Philips describes a "System for Broadcasting and Receiving Digital Data, Receiver and Transmitter for Use in Such System" in U.S. Pat. No. 5,550,812 issued on Aug. 27, 1996. Each frame of the digital data in the system described in Philips includes multicarrier data and system symbols, and each symbol includes a set of OFDM carriers at carrier positions within a frequency raster with regular carrier spacing. The frames further include AFC symbols, or frequency reference symbols, each having at each reference peak position a unmodulated carrier having a peak signal power level. The data frame structure described is also different from that of the Eureka 147 system.
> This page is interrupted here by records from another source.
(* Let $F$ be a smooth regular distribution supported on $[0,1]$. Then $\tilde{O}(\epsilon^{-1/2})$ oracle queries to $F$ and $f$ suffice to learn $F$ within Lévy distance $O(\epsilon)$.
   Context: A distribution is smooth if it has no point masses and its PDF $f$ is $C^1$; it is regular iff $f'(v)(1-F(v))\ge-2f(v)^2$ for all $v$ (equivalently $qF^{-1}(1-q)$ concave). Oracle query model: an algorithm adaptively chooses points $x$ and receives the exact values $F(x)$ and/or $f(x)$; afterwards it outputs a distribution $\hat F$, which must satisfy the accuracy guarantee in Lévy distance $\mathrm{L\acute{e}vy}(F,G)=\inf\{\epsilon: F(v-\epsilon)-\epsilon\le G(v)\le F(v+\epsilon)+\epsilon\ \forall v\}$. $\tilde{O}$ hides polylog$(1/\epsilon)$ factors. *)

theory Defs
  imports "HOL-Analysis.Analysis"
begin

definition smooth_regular_01 :: "(real \<Rightarrow> real) \<Rightarrow> (real \<Rightarrow> real) \<Rightarrow> bool" where
  "smooth_regular_01 F f \<longleftrightarrow>
     (\<forall>x\<le>0. F x = 0) \<and> (\<forall>x\<ge>1. F x = 1) \<and>
     (\<forall>x. 0 \<le> f x) \<and> (\<forall>x. x \<notin> {0..1} \<longrightarrow> f x = 0) \<and>
     (\<forall>x\<in>{0..1}. (F has_real_derivative f x) (at x within {0..1})) \<and>
     (\<exists>f'. continuous_on {0..1} f' \<and>
        (\<forall>x\<in>{0..1}. (f has_real_derivative f' x) (at x within {0..1})) \<and>
        (\<forall>v\<in>{0..1}. f' v * (1 - F v) \<ge> - 2 * (f v)^2))"

definition is_cdf :: "(real \<Rightarrow> real) \<Rightarrow> bool" where
  "is_cdf G \<longleftrightarrow> mono G \<and> (\<forall>x. continuous (at_right x) G) \<and>
     (G \<longlongrightarrow> 0) at_bot \<and> (G \<longlongrightarrow> 1) at_top"

definition levy :: "(real \<Rightarrow> real) \<Rightarrow> (real \<Rightarrow> real) \<Rightarrow> real" where
  "levy F G = Inf {e. 0 \<le> e \<and> (\<forall>v. F (v - e) - e \<le> G v \<and> G v \<le> F (v + e) + e)}"

text \<open>Adaptive deterministic oracle algorithms: given the history of queries
  (point x, answer (F x, f x)), either query a new point or output a distribution.\<close>
datatype action = Query real | Output "real \<Rightarrow> real"

type_synonym history = "(real \<times> (real \<times> real)) list"

fun run :: "(history \<Rightarrow> action) \<Rightarrow> (real \<Rightarrow> real \<times> real) \<Rightarrow> nat \<Rightarrow> history
             \<Rightarrow> (real \<Rightarrow> real) option" where
  "run A orc 0 h = (case A h of Output G \<Rightarrow> Some G | Query x \<Rightarrow> None)"
| "run A orc (Suc n) h = (case A h of Output G \<Rightarrow> Some G
                        | Query x \<Rightarrow> run A orc n (h @ [(x, orc x)]))"

end

(*
  Regularity of F says exactly that g = 1 / (1 - F) is convex on the support: its derivative
  s = f / (1 - F)^2 is nondecreasing.  The learner queries F on the grid i / m with
  m ~ eps^(-1/2), and locates by bisection, to precision eps, the points where g crosses the
  levels 2^j (1 + i / m) and where s crosses the slopes 2^j i / m and 2^j m / i, for
  2^j < 1 / eps.  It outputs the CDF that interpolates the samples linearly in g.

  Let p < q be consecutive queried points with q - p > eps and F p < 1 - eps, and choose j
  with 2^j <= g p < 2^(j+1).  No threshold is crossed between p and q, so g q - g p <= 2^j / m
  and q - p <= 1 / m.  If s p < 2^j, then s varies by at most 2^j / m, the chord exceeds g by
  at most 2^j / m^2, and the interpolant is off by at most 1 / m^2 <= eps vertically.
  Otherwise 1 / s varies by at most 1 / (2^j m), and convexity keeps the chord within
  horizontal distance 1 / m^2 <= eps of g.  Shorter segments, or segments where F is already
  above 1 - eps, are handled by monotonicity.  The learner makes O(m log(1/eps)^2) queries.
*)
theory Submission
  imports Defs
begin

section \<open>Tangents and chords\<close>

lemma le_of_nonneg_derivative_within:
  fixes h h' :: "real \<Rightarrow> real"
  assumes ab: "a \<le> b"
    and d: "\<And>x. x \<in> {a..b} \<Longrightarrow> (h has_real_derivative h' x) (at x within {a..b})"
    and nn: "\<And>x. x \<in> {a..b} \<Longrightarrow> 0 \<le> h' x"
  shows "h a \<le> h b"
proof (rule DERIV_nonneg_imp_increasing_open[OF ab])
  fix x assume x: "a < x" "x < b"
  have "(h has_real_derivative h' x) (at x)"
    using d[of x] x at_within_Icc_at[of a x b] by auto
  then show "\<exists>y. DERIV h x :> y \<and> y \<ge> 0" using nn[of x] x by auto
next
  show "continuous_on {a..b} h"
    unfolding continuous_on_eq_continuous_within using d DERIV_continuous by blast
qed

lemma above_tangent_of_mono_derivative:
  fixes g g' :: "real \<Rightarrow> real"
  assumes d: "\<And>x. x \<in> {p..q} \<Longrightarrow> (g has_real_derivative g' x) (at x within {p..q})"
    and mono: "\<And>x y. x \<in> {p..q} \<Longrightarrow> y \<in> {p..q} \<Longrightarrow> x \<le> y \<Longrightarrow> g' x \<le> g' y"
    and a: "a \<in> {p..q}" and x: "x \<in> {p..q}"
  shows "g a + g' a * (x - a) \<le> g x"
proof -
  have deriv: "(g has_real_derivative g' y) (at y within {u..w})"
    if "{u..w} \<subseteq> {p..q}" "y \<in> {u..w}" for u w y
    using has_field_derivative_subset[OF d] that by auto
  show ?thesis
  proof (cases "a \<le> x")
    case True
    have "(\<lambda>y. g y - g' a * y) a \<le> (\<lambda>y. g y - g' a * y) x"
    proof (rule le_of_nonneg_derivative_within[OF True])
      fix y assume y: "y \<in> {a..x}"
      show "((\<lambda>y. g y - g' a * y) has_real_derivative g' y - g' a) (at y within {a..x})"
        using deriv[of a x y] a x y by (auto intro!: derivative_eq_intros)
      show "0 \<le> g' y - g' a" using mono[of a y] y a x by auto
    qed
    then show ?thesis by (simp add: algebra_simps)
  next
    case False
    then have xa: "x \<le> a" by simp
    have "(\<lambda>y. g' a * y - g y) x \<le> (\<lambda>y. g' a * y - g y) a"
    proof (rule le_of_nonneg_derivative_within[OF xa])
      fix y assume y: "y \<in> {x..a}"
      show "((\<lambda>y. g' a * y - g y) has_real_derivative g' a - g' y) (at y within {x..a})"
        using deriv[of x a y] a x y by (auto intro!: derivative_eq_intros)
      show "0 \<le> g' a - g' y" using mono[of y a] y a x by auto
    qed
    then show ?thesis by (simp add: algebra_simps)
  qed
qed

lemma le_chord_of_tangents:
  fixes g s :: "real \<Rightarrow> real"
  assumes pq: "p < q" and v: "p \<le> v" "v \<le> q"
    and tp: "g v + s v * (p - v) \<le> g p" and tq: "g v + s v * (q - v) \<le> g q"
  shows "g v \<le> ((q - v) * g p + (v - p) * g q) / (q - p)"
proof -
  have "(q - v) * (g v + s v * (p - v)) \<le> (q - v) * g p"
    using tp v by (intro mult_left_mono) auto
  moreover have "(v - p) * (g v + s v * (q - v)) \<le> (v - p) * g q"
    using tq v by (intro mult_left_mono) auto
  ultimately have "(q - p) * g v \<le> (q - v) * g p + (v - p) * g q"
    by (simp add: algebra_simps)
  then show ?thesis using pq by (simp add: field_simps)
qed

lemma chord_sub_le_of_tangents:
  fixes g s :: "real \<Rightarrow> real"
  assumes pq: "p < q" and v: "p \<le> v" "v \<le> q"
    and tp: "g p + s p * (v - p) \<le> g v" and tq: "g q + s q * (p - q) \<le> g p"
    and sm: "s p \<le> s q"
  shows "((q - v) * g p + (v - p) * g q) / (q - p) - g v \<le> (q - p) * (s q - s p)"
proof -
  have chord: "((q - v) * g p + (v - p) * g q) / (q - p) = g p + (v - p) * ((g q - g p) / (q - p))"
    using pq by (simp add: field_simps)
  have "(g q - g p) / (q - p) \<le> s q" using tq pq by (simp add: field_simps)
  then have "(v - p) * ((g q - g p) / (q - p)) \<le> (v - p) * s q"
    using v by (intro mult_left_mono) auto
  then have "((q - v) * g p + (v - p) * g q) / (q - p) - g v \<le> (v - p) * (s q - s p)"
    using chord tp by (simp add: algebra_simps)
  also have "\<dots> \<le> (q - p) * (s q - s p)"
    using v sm by (intro mult_right_mono) auto
  finally show ?thesis .
qed

text \<open>The horizontal counterpart of the previous lemma: the chord lies below \<open>g\<close> shifted
  left by \<open>e\<close>.\<close>
lemma chord_le_shifted_of_tangents:
  fixes g s :: "real \<Rightarrow> real"
  assumes pq: "p < q" and v: "p \<le> v" "v \<le> q" and e: "0 \<le> e" "v + e \<le> q"
    and t1: "g p + s p * (v + e - p) \<le> g (v + e)"
    and t2: "g q + s q * (v + e - q) \<le> g (v + e)"
    and t3: "g p + s p * (q - p) \<le> g q"
    and t4: "g q + s q * (p - q) \<le> g p"
    and sp: "0 < s p"
    and close: "(g q - g p) * (1 / s p - 1 / s q) \<le> e"
  shows "((q - v) * g p + (v - p) * g q) / (q - p) \<le> g (v + e)"
proof (rule ccontr)
  define w where "w = q - p"
  define t where "t = v - p"
  define m where "m = (g q - g p) / w"
  have w: "0 < w" using pq w_def by simp
  have gq: "g q = g p + m * w" using w unfolding m_def by simp
  assume "\<not> ((q - v) * g p + (v - p) * g q) / (q - p) \<le> g (v + e)"
  then have below: "g (v + e) < g p + m * t"
    using w unfolding m_def t_def w_def by (simp add: field_simps)
  have spm: "s p \<le> m" using t3 w unfolding m_def w_def by (simp add: field_simps)
  have msq: "m \<le> s q" using t4 w unfolding m_def w_def by (simp add: field_simps)
  have sq: "0 < s q" using sp spm msq by linarith
  have t0: "0 \<le> t" "t \<le> w" using v unfolding t_def w_def by auto
  have "s p * e < t * (m - s p)"
    using below t1 unfolding t_def by (simp add: algebra_simps)
  then have c1: "e < t * (m / s p - 1)" using sp by (simp add: field_simps)
  have "s q * e < (w - t) * (s q - m)"
    using below t2 gq unfolding t_def w_def by (simp add: algebra_simps)
  then have c2: "e < (w - t) * (1 - m / s q)" using sq by (simp add: field_simps)
  have "t * (m / s p - 1) \<le> w * (m / s p - 1)"
    using t0 spm sp by (intro mult_right_mono) (auto simp: field_simps)
  moreover have "(w - t) * (1 - m / s q) \<le> w * (1 - m / s q)"
    using t0 msq sq by (intro mult_right_mono) (auto simp: field_simps)
  moreover have "w * (m / s p - 1) + w * (1 - m / s q) = (g q - g p) * (1 / s p - 1 / s q)"
    using w sp sq unfolding m_def by (simp add: field_simps)
  ultimately show False using c1 c2 close e by linarith
qed

section \<open>Smooth regular distributions\<close>

lemma smooth_regular_01_deriv_within:
  assumes "smooth_regular_01 F f" "{a..b} \<subseteq> {0..1}" "x \<in> {a..b}"
  shows "(F has_real_derivative f x) (at x within {a..b})"
  using assms unfolding smooth_regular_01_def by (meson has_field_derivative_subset subsetD)

lemma smooth_regular_01_pdf_nonneg: "smooth_regular_01 F f \<Longrightarrow> 0 \<le> f x"
  unfolding smooth_regular_01_def by auto

lemma smooth_regular_01_mono_on_support:
  assumes sr: "smooth_regular_01 F f" and "0 \<le> a" "a \<le> b" "b \<le> 1"
  shows "F a \<le> F b"
  by (rule le_of_nonneg_derivative_within[where h'=f, OF \<open>a \<le> b\<close>])
    (use assms smooth_regular_01_deriv_within smooth_regular_01_pdf_nonneg in auto)

lemma smooth_regular_01_cdf:
  assumes sr: "smooth_regular_01 F f"
  shows "mono F" "0 \<le> F x" "F x \<le> 1" "F 0 = 0" "F 1 = 1"
proof -
  have zero: "\<And>x. x \<le> 0 \<Longrightarrow> F x = 0" and one: "\<And>x. 1 \<le> x \<Longrightarrow> F x = 1"
    using sr unfolding smooth_regular_01_def by auto
  then show "F 0 = 0" "F 1 = 1" by auto
  have range: "0 \<le> F x \<and> F x \<le> 1" for x
    using zero[of x] one[of x] \<open>F 0 = 0\<close> \<open>F 1 = 1\<close>
      smooth_regular_01_mono_on_support[OF sr, of 0 x] smooth_regular_01_mono_on_support[OF sr, of x 1]
    by (cases "x \<le> 0 \<or> 1 \<le> x") auto
  then show "0 \<le> F x" "F x \<le> 1" by auto
  show "mono F"
  proof
    fix x y :: real assume "x \<le> y"
    then show "F x \<le> F y"
      using zero[of x] one[of y] range[of x] range[of y] smooth_regular_01_mono_on_support[OF sr, of x y]
      by (cases "x \<le> 0 \<or> 1 \<le> y") auto
  qed
qed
In addition, conventional methods and systems for achieving carrier frequency synchronization first estimate the integral frequency offset of the carrier frequency and then compensate for the fractional frequency offset. A method of achieving synchronization of an OFDM is described by Keller et al. in "Orthogonal Frequency Division Multiplex Synchronization Techniques for Wireless Local Area Networks", PIMRC '96, October 1996. However, Keller et al. do not disclose a method and system for synchronizing the Eureka 147 system because Keller et al., use a special signal format absent from the Eureka 147 system.